Problem to solve: The job is to find each line of the records below that includes the word "where" and copy it.

Stored data entries
^^^^
lemma IA_lhs_mem_IA_set_iff:
  fixes A :: "real^'n1^'m::finite" and B :: "real^'n2^'m" and d :: "real^'n2"
    and F :: "real^'k::finite^'m" and Y :: "real^'k^'n2" and Uhat :: "(real^'k) set"
  assumes U: "convex Uhat" "cone Uhat" "Useg i1 Uhat \<noteq> {}" "bounded (Useg i1 Uhat)"
      "\<forall>u\<in>Uhat. 0 \<le> u $ i1"
  shows "lam *\<^sub>R g1g1T i1 - (1/2) *\<^sub>R G_mat i1 A F x + (1/2) *\<^sub>R H_mat i1 B d Y
           \<in> (IA_set i1 Uhat :: (real^('k + 'm)^('k + 'm)) set)
     \<longleftrightarrow> (\<forall>u\<in>Useg i1 Uhat. F *v u \<le> A *v x + B *v (Y *v u))
        \<and> (\<forall>u\<in>Useg i1 Uhat. d \<bullet> (Y *v u) \<le> lam)"
    (is "_ \<longleftrightarrow> ?rows \<and> ?epi")
proof -
  define \<alpha> where "\<alpha> = (1/2) *\<^sub>R (lam *\<^sub>R unit_vec i1 - d v* Y)"
  define row where "row r = (1/2) *\<^sub>R ((B ** Y) $ r - F $ r + (A *v x) $ r *\<^sub>R unit_vec i1)" for r
  have alpha_inner: "\<alpha> \<bullet> u = (1/2) * (lam * u $ i1 - d \<bullet> (Y *v u))" for u
    by (simp add: \<alpha>_def inner_diff_left dot_lmul_matrix)
  have alpha_dual: "\<alpha> \<in> dual_cone Uhat \<longleftrightarrow> ?epi"
    by (auto simp add: dual_cone_iff_Useg[OF U] alpha_inner Useg_def)
  have row_inner: "row r \<bullet> u = (1/2) * ((B *v (Y *v u)) $ r - (F *v u) $ r + (A *v x) $ r * u $ i1)"
    for r u
    using matrix_vector_mul_component[of "B ** Y" u r]
    by (simp add: row_def inner_add_left inner_diff_left matrix_vector_mul_component
        matrix_vector_mul_assoc)
  have rows_dual: "(\<forall>r. row r \<in> dual_cone Uhat) \<longleftrightarrow> ?rows"
    unfolding dual_cone_iff_Useg[OF U] row_inner
    by (auto simp: less_eq_vec_def Useg_def; smt (verit))
  have alpha_unique: "\<beta> = \<alpha>"
    if "\<forall>i j. (outer_vec (unit_vec i1) \<alpha> + outer_vec \<alpha> (unit_vec i1)) $ i $ j
           = (outer_vec (unit_vec i1) \<beta> + outer_vec \<beta> (unit_vec i1)) $ i $ j" for \<beta>
    using that by (intro outer_vec_unit_vec_sym_cancel[of i1]) (simp add: vec_eq_iff)
  show ?thesis
    unfolding IA_set_def mem_Collect_eq
      IA_lhs_blocks[OF refl, of lam i1 A F x B d Y, folded \<alpha>_def row_def]
    using alpha_dual rows_dual alpha_unique by auto
qed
^^^^
Task response:
  define \<alpha> where "\<alpha> = (1/2) *\<^sub>R (lam *\<^sub>R unit_vec i1 - d v* Y)"
  define row where "row r = (1/2) *\<^sub>R ((B ** Y) $ r - F $ r + (A *v x) $ r *\<^sub>R unit_vec i1)" for r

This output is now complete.